[Stored items]
************

lemma in_tpow_tmap:
  assumes "in_tpow (length fs) x"
    and "\<And>u. length u = length fs \<Longrightarrow> in_tpow k (foldr tens (map2 (\<lambda>f i. f (bv i)) fs u) tunit)"
  shows "in_tpow k (tmap fs x)"
  unfolding tmap_eq_lin_extend using assms by (intro in_tpow_lin_extend) (simp add: in_tpow_keys)

lemma length2_cases: "length u = 2 \<Longrightarrow> (\<And>a b. u = [a, b] \<Longrightarrow> P) \<Longrightarrow> P"
  and length3_cases: "length u = 3 \<Longrightarrow> (\<And>a b c. u = [a, b, c] \<Longrightarrow> P) \<Longrightarrow> P"
  and length4_cases: "length u = 4 \<Longrightarrow> (\<And>a b c d. u = [a, b, c, d] \<Longrightarrow> P) \<Longrightarrow> P"
  by (auto simp: numeral_eq_Suc length_Suc_conv)

named_theorems linear_map_intros

text \<open>
  \<open>tlift\<^sub>n F\<close> is the linear map on \<open>H\<^sup>\<otimes>\<^sup>n\<close> induced by an \<open>n\<close>-linear \<open>F\<close>, so that
  \<open>tlift2 F (\<Sum> a \<otimes> b) = \<Sum> F a b\<close>.  Every Sweedler-notation computation below is a
  computation with these lifts, and \<open>tlift_n F x\<close> for all \<open>n\<close>-linear \<open>F\<close> determines \<open>x\<close>.
\<close>
definition tlift1 :: "(('b,'k::field) hvec \<Rightarrow> ('c \<Rightarrow>\<^sub>0 'k)) \<Rightarrow> ('b,'k) tens \<Rightarrow> ('c \<Rightarrow>\<^sub>0 'k)" where
  "tlift1 F = lin_extend (\<lambda>u. F (bv (u!0)))"

definition tlift2 :: "(('b,'k::field) hvec \<Rightarrow> ('b,'k) hvec \<Rightarrow> ('c \<Rightarrow>\<^sub>0 'k)) \<Rightarrow> ('b,'k) tens \<Rightarrow> ('c \<Rightarrow>\<^sub>0 'k)" where
  "tlift2 F = lin_extend (\<lambda>u. F (bv (u!0)) (bv (u!1)))"

definition tlift3 ::
  "(('b,'k::field) hvec \<Rightarrow> ('b,'k) hvec \<Rightarrow> ('b,'k) hvec \<Rightarrow> ('c \<Rightarrow>\<^sub>0 'k)) \<Rightarrow> ('b,'k) tens \<Rightarrow> ('c \<Rightarrow>\<^sub>0 'k)" where
  "tlift3 F = lin_extend (\<lambda>u. F (bv (u!0)) (bv (u!1)) (bv (u!2)))"

definition tlift4 ::
  "(('b,'k::field) hvec \<Rightarrow> ('b,'k) hvec \<Rightarrow> ('b,'k) hvec \<Rightarrow> ('b,'k) hvec \<Rightarrow> ('c \<Rightarrow>\<^sub>0 'k))
    \<Rightarrow> ('b,'k) tens \<Rightarrow> ('c \<Rightarrow>\<^sub>0 'k)" where
  "tlift4 F = lin_extend (\<lambda>u. F (bv (u!0)) (bv (u!1)) (bv (u!2)) (bv (u!3)))"

definition bilin :: "(('b \<Rightarrow>\<^sub>0 'k::field) \<Rightarrow> ('b \<Rightarrow>\<^sub>0 'k) \<Rightarrow> ('c \<Rightarrow>\<^sub>0 'k)) \<Rightarrow> bool" where
  "bilin F \<longleftrightarrow> (\<forall>b. linear_map (\<lambda>a. F a b)) \<and> (\<forall>a. linear_map (\<lambda>b. F a b))"

definition trilin :: "(('b \<Rightarrow>\<^sub>0 'k::field) \<Rightarrow> ('b \<Rightarrow>\<^sub>0 'k) \<Rightarrow> ('b \<Rightarrow>\<^sub>0 'k) \<Rightarrow> ('c \<Rightarrow>\<^sub>0 'k)) \<Rightarrow> bool" where
  "trilin F \<longleftrightarrow> (\<forall>b c. linear_map (\<lambda>a. F a b c)) \<and> (\<forall>a c. linear_map (\<lambda>b. F a b c))
     \<and> (\<forall>a b. linear_map (\<lambda>c. F a b c))"

definition quadlin ::
  "(('b \<Rightarrow>\<^sub>0 'k::field) \<Rightarrow> ('b \<Rightarrow>\<^sub>0 'k) \<Rightarrow> ('b \<Rightarrow>\<^sub>0 'k) \<Rightarrow> ('b \<Rightarrow>\<^sub>0 'k) \<Rightarrow> ('c \<Rightarrow>\<^sub>0 'k)) \<Rightarrow> bool" where
  "quadlin F \<longleftrightarrow> (\<forall>b c d. linear_map (\<lambda>a. F a b c d)) \<and> (\<forall>a c d. linear_map (\<lambda>b. F a b c d))
     \<and> (\<forall>a b d. linear_map (\<lambda>c. F a b c d)) \<and> (\<forall>a b c. linear_map (\<lambda>d. F a b c d))"

lemma bilinI: "(\<And>b. linear_map (\<lambda>a. F a b)) \<Longrightarrow> (\<And>a. linear_map (\<lambda>b. F a b)) \<Longrightarrow> bilin F"
  by (simp add: bilin_def)

lemma trilinI:
  "(\<And>b c. linear_map (\<lambda>a. F a b c)) \<Longrightarrow> (\<And>a c. linear_map (\<lambda>b. F a b c))
    \<Longrightarrow> (\<And>a b. linear_map (\<lambda>c. F a b c)) \<Longrightarrow> trilin F"
  by (simp add: trilin_def)

lemma quadlinI:
  "(\<And>b c d. linear_map (\<lambda>a. F a b c d)) \<Longrightarrow> (\<And>a c d. linear_map (\<lambda>b. F a b c d))
    \<Longrightarrow> (\<And>a b d. linear_map (\<lambda>c. F a b c d)) \<Longrightarrow> (\<And>a b c. linear_map (\<lambda>d. F a b c d)) \<Longrightarrow> quadlin F"
  by (simp add: quadlin_def)

lemma bilin_comp: "bilin F \<Longrightarrow> linear_map f \<Longrightarrow> linear_map (\<lambda>a. F (f a) y)"
    "bilin F \<Longrightarrow> linear_map f \<Longrightarrow> linear_map (\<lambda>a. F x (f a))"
  unfolding bilin_def by (auto intro: linear_map_comp[where f="\<lambda>a. F a y"] linear_map_comp[where f="\<lambda>a. F x a"])
theorem proposition3p4:
  fixes M :: "'w measure" and \<tau> :: enat and X :: "nat \<Rightarrow> nat"
    and k :: "nat \<Rightarrow> nat \<Rightarrow> nat" and \<E> :: "'w \<Rightarrow> edges"
  assumes "prob_space M"
    and "\<And>n. enat n < \<tau> \<Longrightarrow> X n \<ge> 1"
    and "\<And>n. enat (Suc n) < \<tau> \<Longrightarrow> (\<Sum>i\<in>{1..X n}. k n i) = X (Suc n)"
    and "\<E> \<in> measurable M edge_space"
    and "\<And>\<omega>. \<omega> \<in> space M \<Longrightarrow> genealogy \<tau> X k (\<E> \<omega>)"
    and "forward_neutral M \<tau> X \<E>"
    and "enat n < \<tau>"
  shows "exchangeable_vec M edge_space (gen X n) (tree_vec X n) \<E>"
proof -
  interpret forward_neutral_genealogy M \<tau> X k \<E>
    using assms(1,4,5,6) by (rule forward_neutral_genealogy.intro)
  show ?thesis
    unfolding exchangeable_vec_def
  proof (intro allI impI)
    fix \<pi> A
    assume \<pi>: "\<pi> permutes gen X n" and A: "{b \<in> space edge_space. tree_vec X n b \<in> A} \<in> sets edge_space"
    obtain \<sigma> where \<sigma>: "\<sigma> permutes {1..X n}" "\<And>i. \<pi> (n, \<sigma> i) = (n, i)"
      using permutes_gen_index[OF \<pi>] by blast
    let ?B = "{b. tree_vec X n b \<in> A}"
    have B: "?B \<in> sets edge_space"
      using A by simp
    have "prob {\<omega> \<in> space M. tree_vec X n (\<E> \<omega>) \<in> A}
        = prob {\<omega> \<in> space M. canon_genealogy \<tau> X n id (\<E> \<omega>) \<in> ?B}"
      using tree_vec_canon_genealogy[OF genealogy_E permutes_id permutes_id]
      by (auto intro!: arg_cong[where f=prob])
    also have "\<dots> = prob {\<omega> \<in> space M. canon_genealogy \<tau> X n \<sigma> (\<E> \<omega>) \<in> ?B}"
      by (rule prob_canon_genealogy_eq[OF permutes_id \<sigma>(1) B])
    also have "\<dots> = prob {\<omega> \<in> space M. (\<lambda>v. tree_vec X n (\<E> \<omega>) (\<pi> v)) \<in> A}"
      using tree_vec_canon_genealogy[OF genealogy_E \<pi> \<sigma>] by (auto intro!: arg_cong[where f=prob] simp: comp_def)
    finally show "prob {\<omega> \<in> space M. tree_vec X n (\<E> \<omega>) \<in> A}
        = prob {\<omega> \<in> space M. (\<lambda>v. tree_vec X n (\<E> \<omega>) (\<pi> v)) \<in> A}" .
  qed
qed

end
(* The size $b$ of the smallest bidirectional scheme satisfies $\mathsf{MS}_{\mathrm{sub}}(b,n)\ge 2$ and $\mathsf{MS}_{\mathrm{ins}}(b,n)\ge 2$.
   Context: Strings are over an alphabet $\Sigma$ with at least two characters; $\mathsf{ed}$ is the edit distance. $\mathsf{MS}_{\mathrm{sub}}(C,n)=\max_{T\in\Sigma^n}\{C(T')/C(T): T'\in\Sigma^n,\ \mathsf{ed}(T,T')=1\}$ and $\mathsf{MS}_{\mathrm{ins}}(C,n)$ is the same with $T'\in\Sigma^{n+1}$. A bidirectional scheme of $T$ (length $n$) is a factorization $T=f_1\cdots f_b$ where each phrase $f_j=T[p_j..p_j+\ell_j-1]$ is either a single character (ground phrase) or is given a source $q_j\neq p_j$ with $T[q_j..q_j+\ell_j-1]=f_j$. It defines $F:[0..n]\to[0..n]$ by $F(p_j)=0$ for ground phrases, $F(p_j+k)=q_j+k$ for $0\le k<\ell_j$ otherwise, and $F(0)=0$; the scheme is valid if for every $x$ some iterate $F^m(x)=0$ ($m\ge1$). $b(T)$ is the minimum number of phrases of a valid bidirectional scheme of $T$. *)

theory Defs
  imports Main "HOL.Real"
begin

text \<open>Strings are lists over an alphabet type 'a. Positions are 1-based:
  character T[i] (1 <= i <= n) is T ! (i - 1).\<close>

fun ed :: "'a list \<Rightarrow> 'a list \<Rightarrow> nat" where
  "ed [] ys = length ys"
| "ed xs [] = length xs"
| "ed (x # xs) (y # ys) =
     min (min (ed xs (y # ys) + 1) (ed (x # xs) ys + 1))
         (ed xs ys + (if x = y then 0 else 1))"

text \<open>A phrase is a pair (length, source): source None = ground phrase,
  source Some q = phrase copied from 1-based position q.\<close>
type_synonym phrase = "nat \<times> nat option"

definition pstart :: "phrase list \<Rightarrow> nat \<Rightarrow> nat" where
  "pstart S j = 1 + sum_list (map fst (take j S))"

definition schemeF :: "phrase list \<Rightarrow> nat \<Rightarrow> nat" where
  "schemeF S x =
     (if x = 0 then 0
      else if (\<exists>j<length S. pstart S j \<le> x \<and> x < pstart S j + fst (S ! j))
      then (let j = (LEAST j. j < length S \<and> pstart S j \<le> x \<and> x < pstart S j + fst (S ! j))
            in (case snd (S ! j) of None \<Rightarrow> 0 | Some q \<Rightarrow> q + (x - pstart S j)))
      else 0)"

definition valid_bidir_scheme :: "'a list \<Rightarrow> phrase list \<Rightarrow> bool" where
  "valid_bidir_scheme T S \<longleftrightarrow>
     sum_list (map fst S) = length T
   \<and> (\<forall>j<length S.
        1 \<le> fst (S ! j)
      \<and> (case snd (S ! j) of
           None \<Rightarrow> fst (S ! j) = 1
         | Some q \<Rightarrow> q \<noteq> pstart S j \<and> 1 \<le> q \<and> q + fst (S ! j) - 1 \<le> length T
                   \<and> (\<forall>k<fst (S ! j). T ! (q + k - 1) = T ! (pstart S j + k - 1))))
   \<and> (\<forall>x\<le>length T. \<exists>m\<ge>1. (schemeF S ^^ m) x = 0)"

definition bidir_b :: "'a list \<Rightarrow> nat" where
  "bidir_b T = (LEAST k. \<exists>S. valid_bidir_scheme T S \<and> length S = k)"

definition MS_sub :: "('a list \<Rightarrow> nat) \<Rightarrow> nat \<Rightarrow> real" where
  "MS_sub C n = Sup {real (C T') / real (C T) | T T'.
      length T = n \<and> length T' = n \<and> ed T T' = 1}"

************

**Task requirements**. Across the data, find each line that has "based" in it and copy that line.

**Written response**.
text \<open>Strings are lists over an alphabet type 'a. Positions are 1-based:
  source Some q = phrase copied from 1-based position q.\<close>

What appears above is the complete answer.